**TASK DESCRIPTION**
Write out exactly the lines of the material below, beginning at the top and ending at the line that contains "l) = (\<Sum>l\<in>N".

___ INFORMATION SHOWN

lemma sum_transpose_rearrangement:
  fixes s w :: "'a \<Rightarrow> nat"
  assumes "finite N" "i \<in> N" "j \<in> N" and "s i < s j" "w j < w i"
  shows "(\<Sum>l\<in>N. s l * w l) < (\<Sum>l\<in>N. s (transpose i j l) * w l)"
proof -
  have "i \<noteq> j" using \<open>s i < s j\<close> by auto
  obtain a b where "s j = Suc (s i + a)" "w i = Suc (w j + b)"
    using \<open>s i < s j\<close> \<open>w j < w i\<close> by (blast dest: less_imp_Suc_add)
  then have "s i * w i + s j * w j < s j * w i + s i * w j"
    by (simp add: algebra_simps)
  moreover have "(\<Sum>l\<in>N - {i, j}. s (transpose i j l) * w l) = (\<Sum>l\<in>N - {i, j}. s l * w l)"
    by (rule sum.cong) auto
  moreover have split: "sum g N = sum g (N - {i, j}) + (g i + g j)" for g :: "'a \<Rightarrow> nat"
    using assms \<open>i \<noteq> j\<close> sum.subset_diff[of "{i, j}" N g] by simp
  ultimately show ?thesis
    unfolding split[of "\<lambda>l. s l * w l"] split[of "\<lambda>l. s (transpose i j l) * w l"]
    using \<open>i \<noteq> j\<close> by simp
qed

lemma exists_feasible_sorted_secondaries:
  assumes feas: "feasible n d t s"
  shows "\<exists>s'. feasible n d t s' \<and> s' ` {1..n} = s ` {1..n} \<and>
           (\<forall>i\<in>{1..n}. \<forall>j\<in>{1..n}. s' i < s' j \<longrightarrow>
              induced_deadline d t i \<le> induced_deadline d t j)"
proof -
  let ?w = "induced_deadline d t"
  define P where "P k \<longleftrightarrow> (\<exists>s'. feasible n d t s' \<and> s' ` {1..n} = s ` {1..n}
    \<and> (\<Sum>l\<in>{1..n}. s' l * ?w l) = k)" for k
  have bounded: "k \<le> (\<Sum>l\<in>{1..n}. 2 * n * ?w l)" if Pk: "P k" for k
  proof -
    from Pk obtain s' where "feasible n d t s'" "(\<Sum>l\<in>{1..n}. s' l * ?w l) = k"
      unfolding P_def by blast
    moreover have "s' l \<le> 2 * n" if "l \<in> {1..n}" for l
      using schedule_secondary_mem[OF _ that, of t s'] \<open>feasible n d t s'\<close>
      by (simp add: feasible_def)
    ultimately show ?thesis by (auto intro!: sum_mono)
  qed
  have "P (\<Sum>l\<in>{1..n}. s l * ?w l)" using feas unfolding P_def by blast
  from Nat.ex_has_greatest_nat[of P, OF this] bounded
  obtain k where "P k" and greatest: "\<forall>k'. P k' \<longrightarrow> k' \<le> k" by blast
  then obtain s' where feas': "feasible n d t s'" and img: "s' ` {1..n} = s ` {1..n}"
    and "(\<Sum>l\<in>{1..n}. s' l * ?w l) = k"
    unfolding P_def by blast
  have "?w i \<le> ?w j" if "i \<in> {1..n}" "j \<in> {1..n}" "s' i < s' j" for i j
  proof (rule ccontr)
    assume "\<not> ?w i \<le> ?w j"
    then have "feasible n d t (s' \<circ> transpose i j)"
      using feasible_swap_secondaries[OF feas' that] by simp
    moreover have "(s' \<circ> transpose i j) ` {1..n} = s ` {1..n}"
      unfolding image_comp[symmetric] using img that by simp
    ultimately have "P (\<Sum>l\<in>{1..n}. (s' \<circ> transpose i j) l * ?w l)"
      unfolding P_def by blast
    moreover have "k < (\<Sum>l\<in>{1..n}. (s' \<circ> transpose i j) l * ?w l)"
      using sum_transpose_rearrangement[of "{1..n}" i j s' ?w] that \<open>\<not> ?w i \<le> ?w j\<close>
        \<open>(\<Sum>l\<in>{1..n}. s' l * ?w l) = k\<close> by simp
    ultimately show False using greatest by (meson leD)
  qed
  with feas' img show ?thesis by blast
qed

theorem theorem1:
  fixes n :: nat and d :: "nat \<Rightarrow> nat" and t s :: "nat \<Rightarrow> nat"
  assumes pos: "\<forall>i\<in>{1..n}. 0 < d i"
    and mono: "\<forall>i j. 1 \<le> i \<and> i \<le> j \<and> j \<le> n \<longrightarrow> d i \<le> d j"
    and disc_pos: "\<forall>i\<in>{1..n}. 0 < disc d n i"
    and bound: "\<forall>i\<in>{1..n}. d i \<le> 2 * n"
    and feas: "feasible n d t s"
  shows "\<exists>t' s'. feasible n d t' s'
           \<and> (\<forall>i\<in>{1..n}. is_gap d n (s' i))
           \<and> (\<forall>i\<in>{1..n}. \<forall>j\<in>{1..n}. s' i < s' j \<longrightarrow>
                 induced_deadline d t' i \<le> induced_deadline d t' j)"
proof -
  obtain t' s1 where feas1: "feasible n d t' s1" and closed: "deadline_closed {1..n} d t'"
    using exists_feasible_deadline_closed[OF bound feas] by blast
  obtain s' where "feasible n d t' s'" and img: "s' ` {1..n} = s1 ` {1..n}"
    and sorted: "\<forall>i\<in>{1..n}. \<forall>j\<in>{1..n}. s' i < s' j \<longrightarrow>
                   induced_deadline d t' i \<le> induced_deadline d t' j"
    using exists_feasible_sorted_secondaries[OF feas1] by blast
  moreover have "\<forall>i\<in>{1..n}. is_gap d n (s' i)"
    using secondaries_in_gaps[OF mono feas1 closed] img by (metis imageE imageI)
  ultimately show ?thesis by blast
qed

______

**TASK OUTPUT**
lemma sum_transpose_rearrangement:
  fixes s w :: "'a \<Rightarrow> nat"
  assumes "finite N" "i \<in> N" "j \<in> N" and "s i < s j" "w j < w i"
  shows "(\<Sum>l\<in>N. s l * w l) < (\<Sum>l\<in>N. s (transpose i j l) * w l)"
proof -
  have "i \<noteq> j" using \<open>s i < s j\<close> by auto
  obtain a b where "s j = Suc (s i + a)" "w i = Suc (w j + b)"
    using \<open>s i < s j\<close> \<open>w j < w i\<close> by (blast dest: less_imp_Suc_add)
  then have "s i * w i + s j * w j < s j * w i + s i * w j"
    by (simp add: algebra_simps)
  moreover have "(\<Sum>l\<in>N - {i, j}. s (transpose i j l) * w l) = (\<Sum>l\<in>N - {i, j}. s l * w l)"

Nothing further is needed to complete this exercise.